▶ [What to work on] If a line includes the word "cases", it belongs in the count; state the total for the data below and add nothing.

(Stored data)
____________________
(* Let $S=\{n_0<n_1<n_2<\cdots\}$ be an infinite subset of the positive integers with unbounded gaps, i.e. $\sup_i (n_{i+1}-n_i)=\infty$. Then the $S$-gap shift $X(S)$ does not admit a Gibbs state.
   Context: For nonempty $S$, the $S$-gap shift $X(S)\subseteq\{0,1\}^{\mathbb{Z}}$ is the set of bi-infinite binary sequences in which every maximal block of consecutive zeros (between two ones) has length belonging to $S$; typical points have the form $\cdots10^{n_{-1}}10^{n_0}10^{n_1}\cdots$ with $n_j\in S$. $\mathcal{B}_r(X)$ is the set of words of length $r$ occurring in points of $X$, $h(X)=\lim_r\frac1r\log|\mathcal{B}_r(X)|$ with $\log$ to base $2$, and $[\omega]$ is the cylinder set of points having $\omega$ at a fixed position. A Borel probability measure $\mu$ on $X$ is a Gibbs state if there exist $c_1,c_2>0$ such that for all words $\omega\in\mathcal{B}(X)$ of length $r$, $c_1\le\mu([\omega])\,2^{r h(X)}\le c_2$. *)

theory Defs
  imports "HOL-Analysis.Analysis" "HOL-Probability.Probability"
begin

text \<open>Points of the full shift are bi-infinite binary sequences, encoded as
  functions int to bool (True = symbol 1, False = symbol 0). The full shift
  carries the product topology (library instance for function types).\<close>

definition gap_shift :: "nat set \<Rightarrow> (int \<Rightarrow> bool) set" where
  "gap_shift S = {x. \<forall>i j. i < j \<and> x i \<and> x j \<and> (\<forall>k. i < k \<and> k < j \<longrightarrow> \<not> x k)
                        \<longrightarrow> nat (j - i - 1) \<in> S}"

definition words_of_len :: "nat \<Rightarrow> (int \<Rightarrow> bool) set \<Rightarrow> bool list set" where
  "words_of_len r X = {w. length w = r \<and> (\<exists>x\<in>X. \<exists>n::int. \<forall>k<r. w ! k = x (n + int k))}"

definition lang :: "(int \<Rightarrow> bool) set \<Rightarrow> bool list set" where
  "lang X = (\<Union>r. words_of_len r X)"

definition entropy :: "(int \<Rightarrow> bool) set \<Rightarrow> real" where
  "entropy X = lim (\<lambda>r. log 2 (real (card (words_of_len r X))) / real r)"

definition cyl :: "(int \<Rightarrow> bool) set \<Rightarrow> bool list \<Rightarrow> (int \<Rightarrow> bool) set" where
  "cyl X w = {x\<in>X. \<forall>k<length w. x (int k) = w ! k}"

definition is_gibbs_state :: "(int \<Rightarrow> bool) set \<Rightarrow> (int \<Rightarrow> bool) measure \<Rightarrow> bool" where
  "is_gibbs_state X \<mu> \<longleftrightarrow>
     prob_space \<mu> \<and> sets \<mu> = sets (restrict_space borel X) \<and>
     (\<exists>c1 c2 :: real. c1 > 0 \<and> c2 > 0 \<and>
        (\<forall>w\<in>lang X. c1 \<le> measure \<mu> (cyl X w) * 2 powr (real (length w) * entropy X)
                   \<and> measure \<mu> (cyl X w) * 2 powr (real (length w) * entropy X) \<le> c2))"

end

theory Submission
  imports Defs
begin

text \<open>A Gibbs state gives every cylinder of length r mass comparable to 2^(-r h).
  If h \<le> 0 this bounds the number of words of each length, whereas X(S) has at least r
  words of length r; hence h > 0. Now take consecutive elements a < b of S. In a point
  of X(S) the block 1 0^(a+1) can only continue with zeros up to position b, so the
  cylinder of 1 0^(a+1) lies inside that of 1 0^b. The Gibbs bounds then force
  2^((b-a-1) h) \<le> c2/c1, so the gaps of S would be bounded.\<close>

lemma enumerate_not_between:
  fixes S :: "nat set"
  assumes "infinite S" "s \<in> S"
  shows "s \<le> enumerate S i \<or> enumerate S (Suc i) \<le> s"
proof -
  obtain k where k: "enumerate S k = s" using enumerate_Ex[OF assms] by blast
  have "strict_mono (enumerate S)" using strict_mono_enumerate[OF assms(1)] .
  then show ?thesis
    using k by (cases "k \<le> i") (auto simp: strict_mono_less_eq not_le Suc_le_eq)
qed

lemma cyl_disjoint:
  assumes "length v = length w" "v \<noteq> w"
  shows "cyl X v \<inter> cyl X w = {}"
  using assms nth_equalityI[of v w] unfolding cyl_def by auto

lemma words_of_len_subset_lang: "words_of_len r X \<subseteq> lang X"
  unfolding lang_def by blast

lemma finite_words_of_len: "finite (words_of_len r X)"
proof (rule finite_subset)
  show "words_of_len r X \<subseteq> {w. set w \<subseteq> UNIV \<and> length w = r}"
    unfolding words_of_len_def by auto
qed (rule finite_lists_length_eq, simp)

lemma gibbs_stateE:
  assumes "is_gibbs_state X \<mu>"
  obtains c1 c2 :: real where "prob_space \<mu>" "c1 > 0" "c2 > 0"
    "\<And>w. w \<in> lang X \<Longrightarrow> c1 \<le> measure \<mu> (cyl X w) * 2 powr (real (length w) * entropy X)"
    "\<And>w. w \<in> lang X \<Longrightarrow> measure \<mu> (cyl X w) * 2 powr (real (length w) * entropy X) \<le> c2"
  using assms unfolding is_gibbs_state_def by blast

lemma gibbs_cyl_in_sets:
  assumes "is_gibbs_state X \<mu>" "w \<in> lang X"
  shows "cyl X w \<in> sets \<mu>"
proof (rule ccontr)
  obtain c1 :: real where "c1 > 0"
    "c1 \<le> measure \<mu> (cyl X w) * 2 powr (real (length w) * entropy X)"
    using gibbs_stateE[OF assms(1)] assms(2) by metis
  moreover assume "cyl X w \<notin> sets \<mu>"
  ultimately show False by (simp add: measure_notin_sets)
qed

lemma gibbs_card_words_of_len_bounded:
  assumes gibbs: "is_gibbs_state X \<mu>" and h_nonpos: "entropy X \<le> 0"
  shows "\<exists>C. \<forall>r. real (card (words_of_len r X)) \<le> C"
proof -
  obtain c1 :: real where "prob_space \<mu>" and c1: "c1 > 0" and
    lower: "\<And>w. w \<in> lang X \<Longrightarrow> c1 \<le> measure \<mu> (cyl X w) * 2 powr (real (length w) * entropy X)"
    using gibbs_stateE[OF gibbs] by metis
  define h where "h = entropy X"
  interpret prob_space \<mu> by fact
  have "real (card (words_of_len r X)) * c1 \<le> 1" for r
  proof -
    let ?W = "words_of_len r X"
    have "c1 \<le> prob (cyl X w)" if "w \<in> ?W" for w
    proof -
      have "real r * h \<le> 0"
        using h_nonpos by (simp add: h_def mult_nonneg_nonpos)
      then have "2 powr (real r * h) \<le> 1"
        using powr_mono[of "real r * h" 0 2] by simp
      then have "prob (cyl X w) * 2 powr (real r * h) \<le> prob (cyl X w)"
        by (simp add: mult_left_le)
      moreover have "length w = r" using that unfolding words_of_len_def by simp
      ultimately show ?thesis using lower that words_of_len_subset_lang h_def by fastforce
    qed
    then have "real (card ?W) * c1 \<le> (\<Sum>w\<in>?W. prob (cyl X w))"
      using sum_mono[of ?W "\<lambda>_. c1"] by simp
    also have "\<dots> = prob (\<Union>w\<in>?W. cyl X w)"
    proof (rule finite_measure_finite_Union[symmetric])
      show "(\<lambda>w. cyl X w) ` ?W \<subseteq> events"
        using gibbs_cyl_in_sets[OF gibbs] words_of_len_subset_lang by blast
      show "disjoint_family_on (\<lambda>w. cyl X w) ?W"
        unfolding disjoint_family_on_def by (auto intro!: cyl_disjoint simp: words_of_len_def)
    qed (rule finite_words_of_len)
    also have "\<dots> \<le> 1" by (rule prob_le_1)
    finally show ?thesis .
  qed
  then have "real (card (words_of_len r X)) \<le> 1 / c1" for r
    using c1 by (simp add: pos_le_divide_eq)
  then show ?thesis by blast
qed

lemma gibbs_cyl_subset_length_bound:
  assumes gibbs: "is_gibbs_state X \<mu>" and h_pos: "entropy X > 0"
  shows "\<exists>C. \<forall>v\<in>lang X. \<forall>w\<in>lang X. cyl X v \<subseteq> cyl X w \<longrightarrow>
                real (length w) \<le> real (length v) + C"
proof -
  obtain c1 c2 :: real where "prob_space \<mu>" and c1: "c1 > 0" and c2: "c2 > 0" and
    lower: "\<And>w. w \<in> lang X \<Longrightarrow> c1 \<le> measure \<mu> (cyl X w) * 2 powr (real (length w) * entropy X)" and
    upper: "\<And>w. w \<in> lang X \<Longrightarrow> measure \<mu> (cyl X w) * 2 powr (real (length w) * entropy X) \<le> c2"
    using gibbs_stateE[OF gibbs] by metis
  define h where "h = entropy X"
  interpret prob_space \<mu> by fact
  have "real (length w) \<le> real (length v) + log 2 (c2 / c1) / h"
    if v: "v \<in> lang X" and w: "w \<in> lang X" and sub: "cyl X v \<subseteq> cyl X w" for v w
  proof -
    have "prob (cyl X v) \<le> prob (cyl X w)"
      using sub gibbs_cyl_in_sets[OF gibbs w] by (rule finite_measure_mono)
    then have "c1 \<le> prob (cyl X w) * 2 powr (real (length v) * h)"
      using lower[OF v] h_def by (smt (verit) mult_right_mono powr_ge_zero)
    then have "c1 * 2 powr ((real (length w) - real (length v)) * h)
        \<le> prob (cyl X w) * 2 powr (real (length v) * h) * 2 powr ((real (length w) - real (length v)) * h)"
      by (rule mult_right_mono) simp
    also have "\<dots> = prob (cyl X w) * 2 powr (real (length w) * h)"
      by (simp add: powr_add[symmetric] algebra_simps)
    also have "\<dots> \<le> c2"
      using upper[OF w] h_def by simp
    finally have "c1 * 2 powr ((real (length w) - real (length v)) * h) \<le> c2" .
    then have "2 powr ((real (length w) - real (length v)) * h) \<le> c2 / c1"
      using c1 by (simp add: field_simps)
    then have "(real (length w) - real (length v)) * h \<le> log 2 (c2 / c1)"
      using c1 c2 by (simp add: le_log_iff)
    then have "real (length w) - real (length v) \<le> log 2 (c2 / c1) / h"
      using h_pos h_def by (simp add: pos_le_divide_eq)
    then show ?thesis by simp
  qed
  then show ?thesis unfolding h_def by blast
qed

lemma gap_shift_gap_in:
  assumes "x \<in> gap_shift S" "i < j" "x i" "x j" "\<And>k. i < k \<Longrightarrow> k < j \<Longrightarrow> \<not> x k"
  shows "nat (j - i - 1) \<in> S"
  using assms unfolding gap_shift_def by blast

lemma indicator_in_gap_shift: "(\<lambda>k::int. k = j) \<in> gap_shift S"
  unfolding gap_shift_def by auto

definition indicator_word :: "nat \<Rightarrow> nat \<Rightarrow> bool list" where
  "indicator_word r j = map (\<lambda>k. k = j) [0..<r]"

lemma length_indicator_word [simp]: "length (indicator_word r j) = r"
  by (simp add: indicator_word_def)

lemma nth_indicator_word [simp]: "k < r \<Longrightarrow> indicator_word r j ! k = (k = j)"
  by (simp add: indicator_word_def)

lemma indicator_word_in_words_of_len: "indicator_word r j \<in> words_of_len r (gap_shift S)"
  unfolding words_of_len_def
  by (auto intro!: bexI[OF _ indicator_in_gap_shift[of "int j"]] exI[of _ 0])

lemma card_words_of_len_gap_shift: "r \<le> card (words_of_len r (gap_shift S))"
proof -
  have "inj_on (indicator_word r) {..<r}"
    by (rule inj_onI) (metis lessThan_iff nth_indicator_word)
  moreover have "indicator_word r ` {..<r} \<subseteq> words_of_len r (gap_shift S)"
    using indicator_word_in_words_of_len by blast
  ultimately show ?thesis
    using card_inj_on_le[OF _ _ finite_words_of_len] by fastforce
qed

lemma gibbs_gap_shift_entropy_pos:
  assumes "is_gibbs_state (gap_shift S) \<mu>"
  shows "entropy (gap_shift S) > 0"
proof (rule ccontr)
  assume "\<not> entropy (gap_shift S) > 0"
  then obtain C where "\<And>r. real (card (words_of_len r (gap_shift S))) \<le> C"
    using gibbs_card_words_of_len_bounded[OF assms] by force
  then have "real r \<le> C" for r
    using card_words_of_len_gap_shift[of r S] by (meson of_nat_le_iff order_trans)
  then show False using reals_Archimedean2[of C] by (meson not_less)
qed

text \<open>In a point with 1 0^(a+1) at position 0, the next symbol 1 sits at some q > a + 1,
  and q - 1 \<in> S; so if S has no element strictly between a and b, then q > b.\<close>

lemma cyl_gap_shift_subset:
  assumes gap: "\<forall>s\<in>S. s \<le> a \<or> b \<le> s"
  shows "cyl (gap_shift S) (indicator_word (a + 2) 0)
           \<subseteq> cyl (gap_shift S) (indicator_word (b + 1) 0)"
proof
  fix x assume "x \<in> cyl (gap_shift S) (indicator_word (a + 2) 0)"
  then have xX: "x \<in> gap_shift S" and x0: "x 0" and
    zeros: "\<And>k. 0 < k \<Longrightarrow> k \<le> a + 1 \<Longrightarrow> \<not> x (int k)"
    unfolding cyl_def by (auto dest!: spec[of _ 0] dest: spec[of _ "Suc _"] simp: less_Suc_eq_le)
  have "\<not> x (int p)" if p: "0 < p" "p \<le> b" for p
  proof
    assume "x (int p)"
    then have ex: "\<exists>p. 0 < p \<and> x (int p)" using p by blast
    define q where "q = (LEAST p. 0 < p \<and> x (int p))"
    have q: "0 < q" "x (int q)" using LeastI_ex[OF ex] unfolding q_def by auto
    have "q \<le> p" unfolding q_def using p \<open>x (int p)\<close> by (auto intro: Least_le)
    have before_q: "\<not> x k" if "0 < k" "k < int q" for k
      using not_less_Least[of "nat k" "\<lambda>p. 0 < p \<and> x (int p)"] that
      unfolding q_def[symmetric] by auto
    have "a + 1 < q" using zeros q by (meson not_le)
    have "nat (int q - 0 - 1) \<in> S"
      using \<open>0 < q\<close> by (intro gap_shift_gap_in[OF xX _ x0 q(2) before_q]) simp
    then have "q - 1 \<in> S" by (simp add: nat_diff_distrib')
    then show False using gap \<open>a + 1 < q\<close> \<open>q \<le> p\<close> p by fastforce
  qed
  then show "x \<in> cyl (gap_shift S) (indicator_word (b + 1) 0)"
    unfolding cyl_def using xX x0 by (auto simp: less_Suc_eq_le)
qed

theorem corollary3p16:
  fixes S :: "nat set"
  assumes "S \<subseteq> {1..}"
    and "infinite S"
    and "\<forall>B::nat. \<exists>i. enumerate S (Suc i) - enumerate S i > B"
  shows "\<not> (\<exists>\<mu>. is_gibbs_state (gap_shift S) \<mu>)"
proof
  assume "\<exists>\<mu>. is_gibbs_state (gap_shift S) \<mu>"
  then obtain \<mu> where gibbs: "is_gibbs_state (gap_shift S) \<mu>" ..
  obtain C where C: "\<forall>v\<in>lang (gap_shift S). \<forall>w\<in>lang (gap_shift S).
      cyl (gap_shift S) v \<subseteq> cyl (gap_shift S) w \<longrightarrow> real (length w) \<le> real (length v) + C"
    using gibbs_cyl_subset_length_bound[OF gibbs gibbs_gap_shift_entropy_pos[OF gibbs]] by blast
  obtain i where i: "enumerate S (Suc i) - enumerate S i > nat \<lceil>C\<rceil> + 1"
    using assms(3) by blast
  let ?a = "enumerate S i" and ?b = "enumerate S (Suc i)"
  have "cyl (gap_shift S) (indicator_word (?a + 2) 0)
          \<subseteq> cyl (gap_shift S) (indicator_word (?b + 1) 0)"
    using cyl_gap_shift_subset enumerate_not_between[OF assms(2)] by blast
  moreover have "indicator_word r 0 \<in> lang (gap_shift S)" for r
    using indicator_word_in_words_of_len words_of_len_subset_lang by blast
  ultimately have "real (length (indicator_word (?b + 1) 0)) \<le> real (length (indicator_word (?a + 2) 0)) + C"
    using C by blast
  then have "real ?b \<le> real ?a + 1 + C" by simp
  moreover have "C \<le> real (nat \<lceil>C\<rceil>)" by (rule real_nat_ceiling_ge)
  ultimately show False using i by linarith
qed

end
____________________
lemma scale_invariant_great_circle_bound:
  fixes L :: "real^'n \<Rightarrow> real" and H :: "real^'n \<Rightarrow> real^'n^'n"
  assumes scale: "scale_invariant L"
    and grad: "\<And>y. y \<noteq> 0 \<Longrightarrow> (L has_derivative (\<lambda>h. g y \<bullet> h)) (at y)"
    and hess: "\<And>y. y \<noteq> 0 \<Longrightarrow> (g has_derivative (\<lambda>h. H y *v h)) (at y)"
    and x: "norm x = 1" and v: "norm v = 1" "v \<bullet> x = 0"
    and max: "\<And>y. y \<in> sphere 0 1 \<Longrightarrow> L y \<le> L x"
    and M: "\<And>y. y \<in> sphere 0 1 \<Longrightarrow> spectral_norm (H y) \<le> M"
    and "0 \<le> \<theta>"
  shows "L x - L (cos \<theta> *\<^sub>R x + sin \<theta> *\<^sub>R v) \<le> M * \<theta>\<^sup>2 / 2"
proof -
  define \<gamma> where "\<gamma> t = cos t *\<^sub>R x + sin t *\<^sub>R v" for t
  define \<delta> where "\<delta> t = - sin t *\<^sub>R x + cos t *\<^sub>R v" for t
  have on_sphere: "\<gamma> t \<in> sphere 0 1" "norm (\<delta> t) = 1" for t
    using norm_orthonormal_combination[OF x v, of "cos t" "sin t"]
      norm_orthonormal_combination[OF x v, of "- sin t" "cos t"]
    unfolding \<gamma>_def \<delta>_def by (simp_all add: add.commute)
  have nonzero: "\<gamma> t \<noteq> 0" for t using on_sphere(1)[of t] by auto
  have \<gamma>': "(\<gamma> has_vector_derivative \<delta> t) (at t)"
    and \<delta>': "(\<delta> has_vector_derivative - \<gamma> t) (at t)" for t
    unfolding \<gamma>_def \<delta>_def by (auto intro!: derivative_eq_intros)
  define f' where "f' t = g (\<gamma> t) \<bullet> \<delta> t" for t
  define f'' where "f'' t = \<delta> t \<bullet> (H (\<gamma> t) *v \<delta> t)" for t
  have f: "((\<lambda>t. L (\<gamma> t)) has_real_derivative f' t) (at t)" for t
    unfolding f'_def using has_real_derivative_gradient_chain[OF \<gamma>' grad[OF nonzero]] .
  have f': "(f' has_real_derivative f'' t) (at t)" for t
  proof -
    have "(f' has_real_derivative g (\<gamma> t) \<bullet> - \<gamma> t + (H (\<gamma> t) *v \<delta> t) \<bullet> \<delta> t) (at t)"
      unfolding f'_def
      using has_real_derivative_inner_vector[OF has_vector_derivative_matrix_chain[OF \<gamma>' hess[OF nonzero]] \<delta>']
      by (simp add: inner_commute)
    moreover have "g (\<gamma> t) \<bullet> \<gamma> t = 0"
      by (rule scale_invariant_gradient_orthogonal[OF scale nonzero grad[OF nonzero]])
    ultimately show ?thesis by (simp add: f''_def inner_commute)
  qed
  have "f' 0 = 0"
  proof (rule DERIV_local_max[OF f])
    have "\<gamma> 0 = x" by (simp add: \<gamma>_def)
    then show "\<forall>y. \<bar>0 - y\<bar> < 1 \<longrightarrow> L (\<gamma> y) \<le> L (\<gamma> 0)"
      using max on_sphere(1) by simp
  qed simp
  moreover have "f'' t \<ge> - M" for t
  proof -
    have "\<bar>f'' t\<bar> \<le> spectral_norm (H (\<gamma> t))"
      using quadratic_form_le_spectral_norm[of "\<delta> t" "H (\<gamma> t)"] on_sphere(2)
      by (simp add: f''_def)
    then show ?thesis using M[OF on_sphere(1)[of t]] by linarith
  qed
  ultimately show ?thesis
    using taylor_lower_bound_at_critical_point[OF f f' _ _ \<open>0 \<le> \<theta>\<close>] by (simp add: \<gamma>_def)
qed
____________________
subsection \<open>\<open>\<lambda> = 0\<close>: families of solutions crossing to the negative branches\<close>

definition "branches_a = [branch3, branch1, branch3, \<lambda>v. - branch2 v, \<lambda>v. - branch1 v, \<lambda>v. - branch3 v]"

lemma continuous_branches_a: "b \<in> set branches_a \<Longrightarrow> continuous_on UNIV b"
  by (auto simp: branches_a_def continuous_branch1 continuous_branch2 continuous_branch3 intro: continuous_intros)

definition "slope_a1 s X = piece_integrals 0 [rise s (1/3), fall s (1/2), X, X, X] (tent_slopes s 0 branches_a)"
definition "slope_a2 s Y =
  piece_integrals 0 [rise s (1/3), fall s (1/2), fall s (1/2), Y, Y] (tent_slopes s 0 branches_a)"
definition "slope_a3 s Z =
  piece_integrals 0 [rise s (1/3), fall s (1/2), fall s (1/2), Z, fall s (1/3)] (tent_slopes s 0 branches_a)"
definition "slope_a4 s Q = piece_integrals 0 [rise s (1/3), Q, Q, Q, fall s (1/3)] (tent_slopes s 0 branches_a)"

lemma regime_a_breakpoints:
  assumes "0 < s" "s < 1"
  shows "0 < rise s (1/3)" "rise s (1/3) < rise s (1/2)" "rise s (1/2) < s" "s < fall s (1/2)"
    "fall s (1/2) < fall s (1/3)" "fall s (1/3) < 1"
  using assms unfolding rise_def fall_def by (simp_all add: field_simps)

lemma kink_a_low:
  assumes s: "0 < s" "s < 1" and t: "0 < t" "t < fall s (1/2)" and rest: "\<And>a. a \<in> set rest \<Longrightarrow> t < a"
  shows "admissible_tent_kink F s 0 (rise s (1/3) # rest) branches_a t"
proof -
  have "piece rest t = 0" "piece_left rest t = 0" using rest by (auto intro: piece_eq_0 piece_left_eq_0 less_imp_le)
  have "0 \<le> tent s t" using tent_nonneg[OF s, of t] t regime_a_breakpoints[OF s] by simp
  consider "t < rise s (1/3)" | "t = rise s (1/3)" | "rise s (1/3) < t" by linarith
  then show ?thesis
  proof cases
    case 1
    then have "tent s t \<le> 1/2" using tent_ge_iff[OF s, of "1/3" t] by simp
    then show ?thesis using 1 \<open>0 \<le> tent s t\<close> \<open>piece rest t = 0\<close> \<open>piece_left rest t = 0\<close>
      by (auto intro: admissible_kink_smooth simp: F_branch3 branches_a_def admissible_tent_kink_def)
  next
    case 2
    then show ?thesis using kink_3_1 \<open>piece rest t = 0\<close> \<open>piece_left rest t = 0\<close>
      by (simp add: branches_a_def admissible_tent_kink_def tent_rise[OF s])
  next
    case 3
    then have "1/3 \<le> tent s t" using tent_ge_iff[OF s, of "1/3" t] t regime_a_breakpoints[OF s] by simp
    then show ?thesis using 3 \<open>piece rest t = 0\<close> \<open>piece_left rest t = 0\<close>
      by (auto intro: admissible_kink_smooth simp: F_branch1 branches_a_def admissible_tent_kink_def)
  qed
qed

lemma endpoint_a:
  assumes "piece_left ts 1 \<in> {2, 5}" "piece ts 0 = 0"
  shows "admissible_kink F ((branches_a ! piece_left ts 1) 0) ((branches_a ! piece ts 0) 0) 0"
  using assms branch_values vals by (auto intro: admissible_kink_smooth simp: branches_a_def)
____________________
▶ [Task output] 2